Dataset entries
*** Begin section ***
section \<open>Fu distance of a noisy pure state\<close>

lemma index_kron_one:
  assumes "r < M*N" "s < M*N"
  shows "kron M N (1\<^sub>m M) U $$ (r,s) = (if r div N = s div N then U $$ (r mod N, s mod N) else 0)"
  using assms pair_index_bounds[of r M N] pair_index_bounds[of s M N] by (simp add: kron_def)

lemma kron_carrier [simp]: "kron M N A B \<in> carrier_mat (M*N) (M*N)"
  by (simp add: kron_def)

lemma kron_one_mult:
  assumes U: "U \<in> carrier_mat N N" and V: "V \<in> carrier_mat N N"
  shows "kron M N (1\<^sub>m M) U * kron M N (1\<^sub>m M) V = kron M N (1\<^sub>m M) (U * V)"
proof (rule eq_matI)
  fix r c assume "r < dim_row (kron M N (1\<^sub>m M) (U * V))" "c < dim_col (kron M N (1\<^sub>m M) (U * V))"
  then have rc: "r < M*N" "c < M*N" by (simp_all add: kron_def)
  then have bounds: "r div N < M" "r mod N < N" "c mod N < N"
    using pair_index_bounds by auto
  have "(kron M N (1\<^sub>m M) U * kron M N (1\<^sub>m M) V) $$ (r,c)
      = (\<Sum>t<M*N. kron M N (1\<^sub>m M) U $$ (r,t) * kron M N (1\<^sub>m M) V $$ (t,c))"
    using rc by (intro index_mult_mat_sum) simp_all
  also have "\<dots> = (\<Sum>i<M. \<Sum>j<N. (if r div N = i then U $$ (r mod N, j) else 0)
                         * (if i = c div N then V $$ (j, c mod N) else 0))"
    unfolding sum_lessThan_mult using rc
    by (intro sum.cong refl) (simp add: index_kron_one pair_index_less)
  also have "\<dots> = (\<Sum>i<M. if i = r div N then
                   (if r div N = c div N then (\<Sum>j<N. U $$ (r mod N, j) * V $$ (j, c mod N)) else 0)
                 else 0)"
    by (intro sum.cong refl) auto
  also have "\<dots> = kron M N (1\<^sub>m M) (U * V) $$ (r,c)"
    using rc bounds index_mult_mat_sum[OF U V, of "r mod N" "c mod N"] by (simp add: index_kron_one)
  finally show "(kron M N (1\<^sub>m M) U * kron M N (1\<^sub>m M) V) $$ (r,c) = kron M N (1\<^sub>m M) (U * V) $$ (r,c)" .
qed (simp_all add: kron_def)

lemma cadj_kron_one:
  "U \<in> carrier_mat N N \<Longrightarrow> cadj (kron M N (1\<^sub>m M) U) = kron M N (1\<^sub>m M) (cadj U)"
  by (rule eq_matI) (auto simp: cadj_def kron_def pair_index_bounds)

lemma kron_one_one: "kron M N (1\<^sub>m M) (1\<^sub>m N) = 1\<^sub>m (M*N)"
proof (rule eq_matI)
  fix r c assume "r < dim_row (1\<^sub>m (M*N))" "c < dim_col (1\<^sub>m (M*N))"
  then have "r < M*N" "c < M*N" by simp_all
  moreover have "r = c \<longleftrightarrow> r div N = c div N \<and> r mod N = c mod N" by (metis div_mult_mod_eq)
  ultimately show "kron M N (1\<^sub>m M) (1\<^sub>m N) $$ (r,c) = 1\<^sub>m (M*N) $$ (r,c)"
    using pair_index_bounds by (auto simp: index_kron_one)
qed (simp_all add: kron_def)

lemma unitary_kron_one:
  assumes "unitary_mat N U"
  shows "unitary_mat (M*N) (kron M N (1\<^sub>m M) U)"
proof -
  have U: "U \<in> carrier_mat N N" "cadj U \<in> carrier_mat N N"
    using assms by (auto simp: unitary_mat_def cadj_def)
  then show ?thesis
    using assms by (simp add: unitary_mat_def cadj_kron_one kron_one_mult kron_one_one)
qed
*** End section ***
- **Problem requirements**
List every line above that contains the word "assumes".

- **Reply**
  assumes "r < M*N" "s < M*N"
  assumes U: "U \<in> carrier_mat N N" and V: "V \<in> carrier_mat N N"
  assumes "unitary_mat N U"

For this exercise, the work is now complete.